Search and rescue operations of the KNRM are carried out by land and sea. But not yet from the air. The KNRM currently receives air support from the coastguard in the event of major incidents and/or under complex circumstances. However, the KNRM is often the first in the vicinity of the incident. The search and rescue is then initiated from the lifeboat or coastal rescue vehicle. However, in many cases, air support can identify a drowning person or missing person more quickly, potentially saving lives. For this reason, KNRM has set up a test period for the year 2022 to see what added value drones can have in search and rescue.
We expect drones to have enormous added value when searching for drowning persons at seaJeroen Kodde, KNRM
AirHub has been working closely with the KNRM for a while now. The ROC exemption was converted by AirHub Consultancy at the end of 2021, as a result the KNRM has a Specific Category license in accordance with European Regulations. For the transition from the ROC license to the Specific Category, AirHub has set up a training day to explain the changes, the operational manual and the procedures to KNRM drone pilots. In addition, AirHub gave an extensive demonstration of the Drone Operations Center.
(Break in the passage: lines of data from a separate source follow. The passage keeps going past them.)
text \<open>If the weights of the two nested products agree on all pairs of proper cuts, the two
  products have the same coefficients (cuts at the ends vanish since a, b, c have no
  constant term).\<close>
lemma lookup_nested_eq:
  assumes a0: "Poly_Mapping.lookup a [] = 0" and b0: "Poly_Mapping.lookup b [] = 0"
    and c0: "Poly_Mapping.lookup c [] = 0"
    and r1: "cut_expansion Y a b C1" and r2: "cut_expansion Z Y c C2" and r3: "cut_expansion Y' b c C1'" and r4: "cut_expansion Z' a Y' C2'"
    and W: "\<And>m n. 0 < m \<Longrightarrow> m < n \<Longrightarrow> n < length w \<Longrightarrow>
       C1 (park (take n w)) m * C2 w n = C1' (park (drop m w)) (n - m) * C2' w m"
  shows "Poly_Mapping.lookup Z w = Poly_Mapping.lookup Z' w"
proof -
  let ?a = "Poly_Mapping.lookup a" and ?b = "Poly_Mapping.lookup b" and ?c = "Poly_Mapping.lookup c"
  have "Poly_Mapping.lookup Z w = (\<Sum>m\<le>length w. \<Sum>k\<le>length w - m.
      ?a (park (take m w)) * ?b (park (drop m (take (m + k) w))) *
      ?c (park (drop (m + k) w)) * (C1 (park (take (m + k) w)) m * C2 w (m + k)))"
    unfolding lookup_left_nested[OF r1 r2] by (rule sum_triangle_reindex)
  also have "\<dots> = (\<Sum>m\<le>length w. \<Sum>k\<le>length w - m.
      ?a (park (take m w)) * ?b (park (take k (drop m w))) *
      ?c (park (drop k (drop m w))) * (C1' (park (drop m w)) k * C2' w m))"
  proof (intro sum.cong[OF refl])
    fix m k assume m: "m \<in> {..length w}" and k: "k \<in> {..length w - m}"
    have e1: "drop m (take (m + k) w) = take k (drop m w)" by (simp add: drop_take)
    have e2: "drop k (drop m w) = drop (m + k) w" by (simp add: add.commute)
    show "?a (park (take m w)) * ?b (park (drop m (take (m + k) w))) *
      ?c (park (drop (m + k) w)) * (C1 (park (take (m + k) w)) m * C2 w (m + k)) =
      ?a (park (take m w)) * ?b (park (take k (drop m w))) *
      ?c (park (drop k (drop m w))) * (C1' (park (drop m w)) k * C2' w m)"
    proof (cases "m = 0 \<or> k = 0 \<or> m + k = length w")
      case True
      then show ?thesis using a0 b0 c0 m k unfolding e1 e2 by auto
    next
      case False
      then have "0 < m" "m < m + k" "m + k < length w" using m k by auto
      from W[OF this] show ?thesis unfolding e1 e2 by simp
    qed
  qed
  also have "\<dots> = Poly_Mapping.lookup Z' w" unfolding lookup_right_nested[OF r3 r4] ..
  finally show ?thesis .
qed

text \<open>Maxima and common values are preserved by parkval, which is strictly monotone.\<close>
lemma Max_map_parkval:
  assumes "x \<noteq> []" "set x \<subseteq> set u"
  shows "Max (set (map (parkval u) x)) = parkval u (Max (set x))"
proof (rule Max_eqI)
  have mx: "Max (set x) \<in> set x" using assms by simp
  show "parkval u (Max (set x)) \<in> set (map (parkval u) x)" using mx by simp
  fix y assume "y \<in> set (map (parkval u) x)"
  then obtain z where z: "z \<in> set x" "y = parkval u z" by auto
  have "z \<le> Max (set x)" using z by simp
  moreover have "z \<in> set u" "Max (set x) \<in> set u" using z mx assms by auto
  ultimately show "y \<le> parkval u (Max (set x))" using z parkval_le_iff[of z u "Max (set x)"] by simp
qed simp

lemma cap_map_parkval:
  assumes "set x \<subseteq> set u" "set y \<subseteq> set u"
  shows "cap (map (parkval u) x) (map (parkval u) y) = cap x y"
proof -
  have inj: "inj_on (parkval u) (set x \<union> set y)" using parkval_inj assms by (metis inj_on_subset le_sup_iff)
  have "set (map (parkval u) x) \<inter> set (map (parkval u) y) = parkval u ` (set x \<inter> set y)"
    using inj by (auto simp: inj_on_def)
  moreover have "inj_on (parkval u) (set x \<inter> set y)" using inj by (rule inj_on_subset) auto
  ultimately show ?thesis unfolding cap_def by (simp add: card_image)
qed

definition park_invariant :: "(nat list \<Rightarrow> nat list \<Rightarrow> 'a) \<Rightarrow> bool" where
  "park_invariant K \<longleftrightarrow> (\<forall>u x y. x \<noteq> [] \<longrightarrow> y \<noteq> [] \<longrightarrow> set x \<subseteq> set u \<longrightarrow> set y \<subseteq> set u \<longrightarrow>
      K (map (parkval u) x) (map (parkval u) y) = K x y)"

lemma park_invariant_wprec: "park_invariant (wprec q)"
  unfolding park_invariant_def wprec_def
proof (intro allI impI)
  fix u x y :: "nat list"
  assume a: "x \<noteq> []" "y \<noteq> []" "set x \<subseteq> set u" "set y \<subseteq> set u"
  have m: "Max (set x) \<in> set u" "Max (set y) \<in> set u" using a by auto
  show "(if Max (set (map (parkval u) y)) < Max (set (map (parkval u) x)) then q ^ cap (map (parkval u) x) (map (parkval u) y) else 0) =
        (if Max (set y) < Max (set x) then q ^ cap x y else 0)"
    unfolding Max_map_parkval[OF a(1) a(3)] Max_map_parkval[OF a(2) a(4)] cap_map_parkval[OF a(3) a(4)]
    using m by (simp add: parkval_less_iff)
qed

lemma park_invariant_wsucc: "park_invariant (wsucc q)"
  unfolding park_invariant_def wsucc_def
proof (intro allI impI)
  fix u x y :: "nat list"
  assume a: "x \<noteq> []" "y \<noteq> []" "set x \<subseteq> set u" "set y \<subseteq> set u"
  have m: "Max (set x) \<in> set u" "Max (set y) \<in> set u" using a by auto
  show "(if Max (set (map (parkval u) x)) < Max (set (map (parkval u) y)) then q ^ cap (map (parkval u) x) (map (parkval u) y) else 0) =
        (if Max (set x) < Max (set y) then q ^ cap x y else 0)"
    unfolding Max_map_parkval[OF a(1) a(3)] Max_map_parkval[OF a(2) a(4)] cap_map_parkval[OF a(3) a(4)]
    using m by (simp add: parkval_less_iff)
qed

lemma park_invariant_wdot: "park_invariant (wdot q)"
  unfolding park_invariant_def wdot_def
proof (intro allI impI)
  fix u x y :: "nat list"
  assume a: "x \<noteq> []" "y \<noteq> []" "set x \<subseteq> set u" "set y \<subseteq> set u"
  have m: "Max (set x) \<in> set u" "Max (set y) \<in> set u" using a by auto
  have e: "parkval u (Max (set x)) = parkval u (Max (set y)) \<longleftrightarrow> Max (set x) = Max (set y)"
    using parkval_inj[of u] m by (auto simp: inj_on_def)
  show "(if Max (set (map (parkval u) x)) = Max (set (map (parkval u) y)) then q ^ (cap (map (parkval u) x) (map (parkval u) y) - 1) else 0) =
        (if Max (set x) = Max (set y) then q ^ (cap x y - 1) else 0)"
    unfolding Max_map_parkval[OF a(1) a(3)] Max_map_parkval[OF a(2) a(4)] cap_map_parkval[OF a(3) a(4)]
    using e by simp
qed

lemma park_invariant_comb: "park_invariant K1 \<Longrightarrow> park_invariant K2 \<Longrightarrow> park_invariant K3 \<Longrightarrow> park_invariant (\<lambda>x y. K1 x y + K2 x y + c * K3 x y)"
  unfolding park_invariant_def by simp

lemma cut_wt_park:
  assumes "park_invariant K" "0 < m" "m < length u"
  shows "cut_wt K (park u) m = K (take m u) (drop m u)"
proof -
  have "take m (park u) = map (parkval u) (take m u)" "drop m (park u) = map (parkval u) (drop m u)"
    by (simp_all add: park_eq_map_parkval take_map drop_map)
  moreover have "take m u \<noteq> []" "drop m u \<noteq> []" using assms by auto
  moreover have "set (take m u) \<subseteq> set u" "set (drop m u) \<subseteq> set u"
    by (simp_all add: set_take_subset set_drop_subset)
  ultimately show ?thesis using assms(1) is_pf_park unfolding cut_wt_def park_invariant_def by simp
qed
The planning feature for ad-hoc situations, the live stream functionality that offers the possibility to watch multiple stations, and the automatic log function are Important features for the KNRM. After all, every second counts in search and rescue operations. To this day, AirHub still supports the Foundation in its drone operations. For example, evaluation meetings are scheduled every two months, and AirHub is improving its software so that the KNRM can operate more efficiently.
Being able to deploy drones themselves, KNRM can respond accordingly in ad hoc situations. With features, such as the livestreaming feature, they have a clear overview of the situation and can easily cover more ground.